Review: David Goldblatt and Johnny Acton – How to Watch the Olympics (Profile Books LTD, 2011)

For this review, I’ve turned my attention to sport. Maybe being a runner for over 3 years has sub-consciously inspired me to take an interest in athletic activity, or I’m just being timely for the Summer’s Olympic Games.

Preparation

Although this book was written for the London 2012 Games, this doesn’t make it an obstacle in learning more about Olympic sports. It’s easy to ignore the specific references and learn the rules and histories of each athleticism.

Speaking of which, a lot of preparation has gone into the research of each sport’s origins and defining moments, and a lot of precision has gone into the clear and fun way it’s told.

Two standout moments wait at the end of the book: the appendices on discontinued Olympic sports and all the previous Games (excluding London 2012). These paragraphs may bee tiny, but the information on offer is fulfilling.

Pick and choose

There’s no denying the authors have done a great job of laying out the facts.

But the facts have been laid out using the same outline for each sport, and this can begin to feel tedious before your chapter count reaches double digits.

If you want to be clued-up on every Olympic sport, then it’s worth reading the book in its whole and enduring the formulaic approach as best as you can. Otherwise it’s worth picking and choosing which sports you want to be more knowledgeable about, and reading these chapters only.

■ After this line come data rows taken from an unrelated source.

(* Let $n\ge 2$, $m\ge1$, $\delta>0$, and $0<k<n$ an integer. Then \[ R_k(\delta) \leq (1 - \rho_k^2)^{-m(m+1)/4} \exp\left(|\rho_k|\, m\,\delta^2\right). \]
   Context: An $m\times m$ GOE matrix is a random symmetric matrix whose entries on and above the diagonal are independent centered normal variables, with variance $2$ on the diagonal and variance $1$ off the diagonal. Two GOE matrices $X,Y$ have correlation $\rho\in(-1,1)$ if the pairs $(X_{ij},Y_{ij})$, $i\le j$, are independent across index pairs, each jointly normal with $\mathrm{corr}(X_{ij},Y_{ij})=\rho$. Let $\rho_k = 1-2k/n$ and \[R_k(\delta) = \frac{\mathbb{P}(\|X_k\| \leq \delta,\ \|Y_k\| \leq \delta)}{\mathbb{P}(\|X\| \leq \delta)^2},\] where $X$ is an $m\times m$ GOE matrix and $X_k,Y_k$ are $m\times m$ GOE matrices with correlation $\rho_k$; $\|\cdot\|$ is the spectral norm. *)

theory Defs
  imports "HOL-Probability.Probability"
begin

text \<open>Index set of the independent entries of an m x m symmetric matrix
  (m = CARD('m)): unordered pairs {i,j}, i.e. the pairs i \<le> j.\<close>
definition sym_pairs :: "'m::finite set set" where
  "sym_pairs = {{i, j} | i j. True}"

text \<open>Variance of a GOE entry: 2 on the diagonal ({i,i} is a singleton), 1 off it.\<close>
definition goe_var :: "'m set \<Rightarrow> real" where
  "goe_var p = (if card p = 1 then 2 else 1)"

definition sym_mat :: "('m::finite set \<Rightarrow> real) \<Rightarrow> real^'m^'m" where
  "sym_mat g = (\<chi> i j. g {i, j})"

definition spec_norm :: "real^'m^'m \<Rightarrow> real" where
  "spec_norm A = onorm (\<lambda>x. A *v x)"

definition goe_law :: "('m::finite set \<Rightarrow> real) measure" where
  "goe_law = PiM sym_pairs (\<lambda>p. density lborel (normal_density 0 (sqrt (goe_var p))))"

As rules and terminologies are explained at a fast pace, it helps to open How to with a fierce determination to learn more. Reading with a casual mind may leave you feeling stranded.

What you want

With so much detail stuffed into one routine, it’s best to read How to Watch the Olympics with a good idea of what you want out of it. No matter how much of the book you choose to read, it’s impossible you won’t learn something about sport.